Just as physical death is separation of man's spirit (the person or self) from the body and not extinction, annihilation or merely the dissolution of the living organism, so spiritual death is the separation, alienation of man from God -- not the death or annihilation of the spirit (Eph 4:18; Col. 1:21; James 2:26). It is the opposite of spiritual life which is to know God personally and have fellowship and communion with Him (John 17:3; 5:24; Eph. 2:1; Gal. 4:8-9; I Cor. 1:9; I John 1:3,5-8). Spiritual death is a negative or no personal relationship between man and God. It is like a barrier or "iron curtain" between them. It is separation from God or, more accurately, death separates man from God. Death is a power. It is personified in the Scriptures as a king who reigns over the whole human race.

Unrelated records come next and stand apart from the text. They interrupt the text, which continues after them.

lemma (in prob_space) AE_mean_tendsto_zero_orthogonal:
  fixes Y :: "nat \<Rightarrow> 'a \<Rightarrow> real"
  assumes [measurable]: "\<And>i. Y i \<in> borel_measurable M"
    and bound: "\<And>i x. x \<in> space M \<Longrightarrow> \<bar>Y i x\<bar> \<le> 1"
    and orth: "\<And>i j. i \<noteq> j \<Longrightarrow> (\<integral>x. Y i x * Y j x \<partial>M) = 0"
  shows "AE x in M. (\<lambda>n. (\<Sum>i<n. Y i x) / real n) \<longlonglongrightarrow> 0"
proof -
  note square_sum = integral_square_sum_orthogonal_le[of Y, OF assms]
  define f where "f k x = ((\<Sum>i<k^2. Y i x) / real (k^2))^2" for k x
  have int: "integrable M (f k)" for k
    unfolding f_def power_divide using square_sum(1) by simp
  have "(\<integral>x. f k x \<partial>M) \<le> inverse (real k ^ 2)" for k
  proof -
    have "(\<integral>x. f k x \<partial>M) = (\<integral>x. (\<Sum>i<k^2. Y i x)^2 \<partial>M) / real k ^ 4"
      by (simp add: f_def power_divide power_mult[symmetric])
    also have "\<dots> \<le> real (k^2) / real k ^ 4"
      using square_sum(2)[of "k^2"] by (intro divide_right_mono) auto
    also have "\<dots> = inverse (real k ^ 2)"
      by (cases "k = 0") (simp_all add: field_simps power_mult[symmetric])
    finally show ?thesis .
  qed
  hence "summable (\<lambda>k. \<integral>x. f k x \<partial>M)"
    by (intro summable_comparison_test[OF _ inverse_power_summable[of 2]])
       (auto intro!: integral_nonneg simp: f_def)
  hence "AE x in M. (\<lambda>k. f k x) \<longlonglongrightarrow> 0"
    by (intro AE_tendsto_zero_of_summable_integral int) (simp add: f_def)
  thus ?thesis
    using AE_space
  proof eventually_elim
    case (elim x)
    hence "(\<lambda>k. sqrt (f k x)) \<longlonglongrightarrow> 0"
      using tendsto_real_sqrt by fastforce
    hence "(\<lambda>k. \<bar>(\<Sum>i<k^2. Y i x) / real (k^2)\<bar>) \<longlonglongrightarrow> 0"
      by (simp only: f_def real_sqrt_abs)
    hence "(\<lambda>k. (\<Sum>i<k^2. Y i x) / real (k^2)) \<longlonglongrightarrow> 0"
      by (rule tendsto_rabs_zero_cancel)
    thus ?case
      using bound elim by (intro mean_tendsto_zero_of_mean_squares) auto
  qed
qed

lemma (in prob_space) AE_mean_centered_indicator_tendsto_zero:
  assumes PD: "product_disintegration M {0, 1} X (bern_rm \<theta>)"
    and \<theta>_meas [measurable]: "\<And>n. \<theta> n \<in> borel_measurable M"
    and \<theta>_01: "\<And>n x. x \<in> space M \<Longrightarrow> 0 \<le> \<theta> n x \<and> \<theta> n x \<le> 1"
    and X_meas [measurable]: "\<And>i. X i \<in> measurable M (count_space UNIV)"
    and X_01: "\<And>i x. x \<in> space M \<Longrightarrow> X i x \<in> {0, 1}"
  shows "AE x in M. (\<lambda>n. (\<Sum>i<n. indicator {y. X i y = 1} x - \<theta> i x) / real n) \<longlonglongrightarrow> 0"
proof (rule AE_mean_tendsto_zero_orthogonal)
  have \<theta>_bound: "\<bar>\<theta> n x\<bar> \<le> 1" if "x \<in> space M" for n x
    using \<theta>_01[OF that] by auto
  show "(\<integral>x. (indicator {y. X i y = 1} x - \<theta> i x) * (indicator {y. X j y = 1} x - \<theta> j x) \<partial>M) = 0"
    if "i \<noteq> j" for i j
    by (rule integral_centered_indicator_orthogonal[OF PD \<theta>_meas \<theta>_bound X_meas X_01 that])
  show "\<bar>indicator {y. X i y = 1} x - \<theta> i x\<bar> \<le> 1" if "x \<in> space M" for i x
    using \<theta>_01[OF that, of i] by (auto simp: indicator_def)
qed measurable
lemma K_span_one_maximal:
  assumes "\<forall>a. \<exists>c. a - \<phi> c \<in> m"
  shows "K.span ({1} \<union> m) = UNIV"
proof -
  have "a \<in> K.span ({1} \<union> m)" for a
  proof -
    obtain c where "a - \<phi> c \<in> m" using assms by blast
    hence "\<phi> c * 1 + (a - \<phi> c) \<in> K.span ({1} \<union> m)"
      by (intro K.span_add K.span_scale K.span_base) auto
    thus ?thesis by simp
  qed
  thus ?thesis by blast
qed

lemma indep_mod_one_maximal:
  assumes "maximal_ideal m"
  shows "indep_mod (\<lambda>c a. \<phi> c * a) m {1}"
  unfolding indep_mod_def
proof (intro allI impI ballI)
  fix F u b assume F: "finite F \<and> F \<subseteq> {1} \<and> (\<Sum>b\<in>F. \<phi> (u b) * b) \<in> K.span m" and "b \<in> F"
  hence "F = {1}" "b = 1" by auto
  hence "\<phi> (u 1) \<in> m" using F K_span_ideal[OF maximal_ideal_is_ideal[OF assms]] by simp
  hence "\<phi> (u 1) * \<phi> (inverse (u 1)) \<in> m"
    using ideal_mult_right[OF maximal_ideal_is_ideal[OF assms]] by blast
  hence "u 1 = 0" using one_not_in_maximal_ideal[OF assms] by (metis hom_1 hom_mult right_inverse)
  thus "u b = 0" using \<open>b = 1\<close> by simp
qed

definition finite_codim :: "'a set \<Rightarrow> bool" where
  "finite_codim J \<longleftrightarrow> (\<exists>P. finite P \<and> K.span (P \<union> J) = UNIV)"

Paul says, "by the offense of one, death reigned through one" (Rom. 5:17; see also Rom. 5:14). Death as a kingly power separates man from God (spiritual death) and brings about eventually the separation of man's spirit from his body (physical death). Physical death is the outward expression and necessary accompaniment of spiritual death (Psa. 88:3-5; Isa. 38:10-11, 18; Psa. 6:5; 30:9; 115:17; Eccl. 9:18). Even though we may distinguish between them, they are never separated from each other. From the Biblical point of view spiritual and physical death are inseparable, and in the Scriptures death always includes both.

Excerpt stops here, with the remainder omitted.